The acceleration reflects two interconnected phenomena: institutional and retail borrowers are capitalizing on recent breakthroughs by Bitcoin and Ethereum, while simultaneously becoming more confident in the stability of lending counterparties following several years of market maturation.
How Tether Cemented Its Position Atop CeFi Lending
Centralized finance lending platforms saw $17.78 billion in active loans as of June 30—a 14.66% quarterly increase and 147.5% growth compared to Q4 2023’s bear-market trough of $7.18 billion. Within this segment, Tether has emerged as the dominant force, commanding approximately 57% market share with $10.14 billion in outstanding loans. This represents the stablecoin issuer’s 12th straight quarter at the helm of CeFi lending.

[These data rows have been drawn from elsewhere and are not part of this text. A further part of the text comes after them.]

(* Let $q=p^f$ with $p$ prime, and let $\mathbf{A}\in\mathrm{GL}_n(q)$, $n=q+1$, be the matrix defined in the context. Assume that $n=q+1=2^sr^t$ for some odd prime $r$ and integers $s,t\geqslant 0$. Then there exists a faithful $\langle\mathbf{A}\rangle$-irreducible linear $[n,2]_q$ code. If $q$ is a Mersenne prime, then $\mathbb{F}_q^n$ is a direct sum of faithful $\langle\mathbf{A}\rangle$-irreducible linear $[n,2]_q$ codes.
   Context: A linear $[n,k]_q$ code is a $k$-dimensional subspace of the row space $\mathbb{F}_q^n$. Write the multiplicative group $\mathbb{F}_q^*=\langle\eta,\lambda\rangle$ where $\lambda$ has odd order and $\eta$ has order a power of $2$. Let $\mathbf{D}=\mathrm{diag}(\eta\lambda,\lambda,\eta\lambda,\ldots,\eta\lambda)$ ($n\times n$; first entry $\eta\lambda$, second entry $\lambda$, remaining $n-2$ entries $\eta\lambda$), $\mathbf{P}=\begin{pmatrix}\mathbf{0}' & \mathbf{I}_{n-1}\\ 1 & \mathbf{0}\end{pmatrix}$ (with $\mathbf{0}'$ the zero column of length $n-1$, $\mathbf{0}$ the zero row of length $n-1$), and $\mathbf{A}=\mathbf{D}\mathbf{P}$, acting on $\mathbb{F}_q^n$ by right multiplication. A code $\mathcal{C}$ is $\langle\mathbf{A}\rangle$-invariant if $\mathcal{C}\mathbf{A}\subseteq\mathcal{C}$; an $\langle\mathbf{A}\rangle$-invariant $[n,k]_q$ code is $\langle\mathbf{A}\rangle$-irreducible if it contains no $\langle\mathbf{A}\rangle$-invariant $[n,k']_q$ code with $1\leqslant k'<k$, and faithful if no nonidentity element of $\langle\mathbf{A}\rangle$ fixes it pointwise. *)

theory Defs
  imports Complex_Main "HOL-Library.Function_Algebras" "HOL-Library.Cardinality" "HOL-Computational_Algebra.Primes"
begin

(* Row vectors of length n over a field 'a: functions nat => 'a vanishing outside {0..<n}.
   Indices are 0-based: coordinate i (0-based) is coordinate i+1 of the paper. *)

definition vscale :: "'a::field \<Rightarrow> (nat \<Rightarrow> 'a) \<Rightarrow> nat \<Rightarrow> 'a" where
  "vscale c v = (\<lambda>i. c * v i)"

definition Fn :: "nat \<Rightarrow> (nat \<Rightarrow> 'a::zero) set" where
  "Fn n = {v. \<forall>i\<ge>n. v i = 0}"

(* n x n matrices as functions nat => nat => 'a; only entries with indices < n matter *)
definition mat_mul :: "nat \<Rightarrow> (nat \<Rightarrow> nat \<Rightarrow> 'a::semiring_0) \<Rightarrow> (nat \<Rightarrow> nat \<Rightarrow> 'a) \<Rightarrow> nat \<Rightarrow> nat \<Rightarrow> 'a" where
  "mat_mul n M N = (\<lambda>i j. \<Sum>k<n. M i k * N k j)"

definition id_mat :: "nat \<Rightarrow> nat \<Rightarrow> 'a::{zero,one}" where
  "id_mat = (\<lambda>i j. if i = j then 1 else 0)"

primrec mat_pow :: "nat \<Rightarrow> (nat \<Rightarrow> nat \<Rightarrow> 'a::semiring_1) \<Rightarrow> nat \<Rightarrow> nat \<Rightarrow> nat \<Rightarrow> 'a" where
  "mat_pow n M 0 = id_mat"
| "mat_pow n M (Suc m) = mat_mul n (mat_pow n M m) M"

definition row_act :: "nat \<Rightarrow> (nat \<Rightarrow> 'a::semiring_0) \<Rightarrow> (nat \<Rightarrow> nat \<Rightarrow> 'a) \<Rightarrow> nat \<Rightarrow> 'a" where
  "row_act n v M = (\<lambda>j. if j < n then (\<Sum>i<n. v i * M i j) else 0)"

definition mult_ord :: "'a::monoid_mult \<Rightarrow> nat" where
  "mult_ord x = (LEAST m. 0 < m \<and> x ^ m = 1)"

(* D = diag(eta*lam, lam, eta*lam, ..., eta*lam)  (0-based: entry 1 is lam) *)
definition matD :: "nat \<Rightarrow> 'a::field \<Rightarrow> 'a \<Rightarrow> nat \<Rightarrow> nat \<Rightarrow> 'a" where
  "matD n eta lam = (\<lambda>i j. if i = j \<and> i < n then (if i = 1 then lam else eta * lam) else 0)"

(* P = [[0', I_{n-1}], [1, 0]]: P_{i,i+1} = 1 for i < n-1, P_{n-1,0} = 1 (0-based) *)
definition matP :: "nat \<Rightarrow> nat \<Rightarrow> nat \<Rightarrow> 'a::{zero,one}" where
  "matP n = (\<lambda>i j. if i < n \<and> j < n \<and> j = (i + 1) mod n then 1 else 0)"

definition matA :: "nat \<Rightarrow> 'a::field \<Rightarrow> 'a \<Rightarrow> nat \<Rightarrow> nat \<Rightarrow> 'a" where
  "matA n eta lam = mat_mul n (matD n eta lam) (matP n)"

definition lin_code :: "nat \<Rightarrow> nat \<Rightarrow> (nat \<Rightarrow> 'a::field) set \<Rightarrow> bool" where
  "lin_code n k C \<longleftrightarrow> C \<subseteq> Fn n \<and> module.subspace vscale C \<and> vector_space.dim vscale C = k"

definition invariant_code :: "nat \<Rightarrow> (nat \<Rightarrow> nat \<Rightarrow> 'a::field) \<Rightarrow> (nat \<Rightarrow> 'a) set \<Rightarrow> bool" where
  "invariant_code n M C \<longleftrightarrow> (\<forall>v\<in>C. row_act n v M \<in> C)"

definition irreducible_code :: "nat \<Rightarrow> nat \<Rightarrow> (nat \<Rightarrow> nat \<Rightarrow> 'a::field) \<Rightarrow> (nat \<Rightarrow> 'a) set \<Rightarrow> bool" where
  "irreducible_code n k M C \<longleftrightarrow> lin_code n k C \<and> invariant_code n M C \<and>
     \<not> (\<exists>C' k'. 1 \<le> k' \<and> k' < k \<and> lin_code n k' C' \<and> invariant_code n M C' \<and> C' \<subseteq> C)"

definition faithful_code :: "nat \<Rightarrow> (nat \<Rightarrow> nat \<Rightarrow> 'a::field) \<Rightarrow> (nat \<Rightarrow> 'a) set \<Rightarrow> bool" where
  "faithful_code n M C \<longleftrightarrow> (\<forall>m. (\<forall>v\<in>C. row_act n v (mat_pow n M m) = v) \<longrightarrow>
      (\<forall>i<n. \<forall>j<n. mat_pow n M m i j = id_mat i j))"

end

theory Submission
  imports Defs "HOL-Algebra.Algebraic_Closure_Type"
begin

text \<open>Let \<open>E\<close> be the quadratic extension of \<open>F = GF(q)\<close>. Since \<open>A^(q + 1)\<close> is the scalar
  \<open>c = \<eta>^q \<lambda>^(q + 1)\<close>, every \<open>\<gamma> \<in> E\<close> with \<open>\<gamma>^(q + 1) = c\<close> gives an \<open>F\<close>-linear injection
  \<open>E \<rightarrow> F^n\<close> turning multiplication by \<open>\<gamma>\<close> into right multiplication by \<open>A\<close>. Its image is a
  2-dimensional invariant code, irreducible because \<open>\<gamma> \<notin> F\<close> and faithful when \<open>\<gamma>\<close> generates
  \<open>E\<^sup>*\<close>.

  The hypotheses on \<open>\<eta>, \<lambda>\<close> make \<open>c\<close> a generator of \<open>F\<^sup>*\<close>, so \<open>c = g^((q + 1) j)\<close> for a
  generator \<open>g\<close> of \<open>E\<^sup>*\<close> and some \<open>j\<close> coprime to \<open>q - 1\<close>. Each \<open>g^(j + (q - 1) u)\<close> is again a
  \<open>(q + 1)\<close>-th root of \<open>c\<close>, and it generates \<open>E\<^sup>*\<close> once its exponent is coprime to \<open>q + 1\<close>:
  for \<open>q + 1 = 2^s r^t\<close> one of \<open>u = 0, 1\<close> works, and for \<open>q + 1 = 2^m\<close> every \<open>u\<close> does. In the
  latter case these \<open>q + 1\<close> roots are distinct; keeping one from each conjugate pair leaves at least
  \<open>(q + 1)/2\<close> codes, which are independent because \<open>A\<^sup>2 - tr(\<delta>) A + N(\<delta>)\<close> kills the code
  of \<open>\<delta>\<close> and is injective on the others, so by counting they exhaust \<open>F^n\<close>.\<close>

\<comment> \<open>Otherwise HOL-Algebra's \<open>prime\<close> on monoids would shadow \<open>prime\<close> on numbers.\<close>
hide_const (open) Divisibility.prime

Tether’s sustained dominance reflects the competitive eliminations of 2022, when operational failures at Genesis, Celsius, Silvergate, BlockFi, and Voyager reshuffled the market hierarchy. Prior to these collapses, Tether controlled less than 20% of CeFi lending; its current position reveals how significantly the sector consolidated around reliable operators. The next-largest competitors—Nexo with $1.96 billion and Galaxy Digital’s lending division with $1.11 billion—together with Tether comprise 74% of the centralized lending market.
Market Dynamics Shifting the Competition
Despite Tether’s commanding position, recent quarter data suggests modest erosion from late 2022’s near-70% peak. Galaxy Research attributes this shift to multiple pressures reshaping the competitive landscape. Rising valuations in underlying collateral have created self-reinforcing demand cycles, prompting corporations to increasingly allocate treasury resources through CeFi lending platforms. Simultaneously, intensifying competition among lenders has compressed rates, making borrowing more accessible across the ecosystem.
These structural forces point toward continued recalibration in crypto lending hierarchies, though Tether’s operational consistency and infrastructure advantages position it to retain leadership even as alternatives gain incremental share in an expanding market.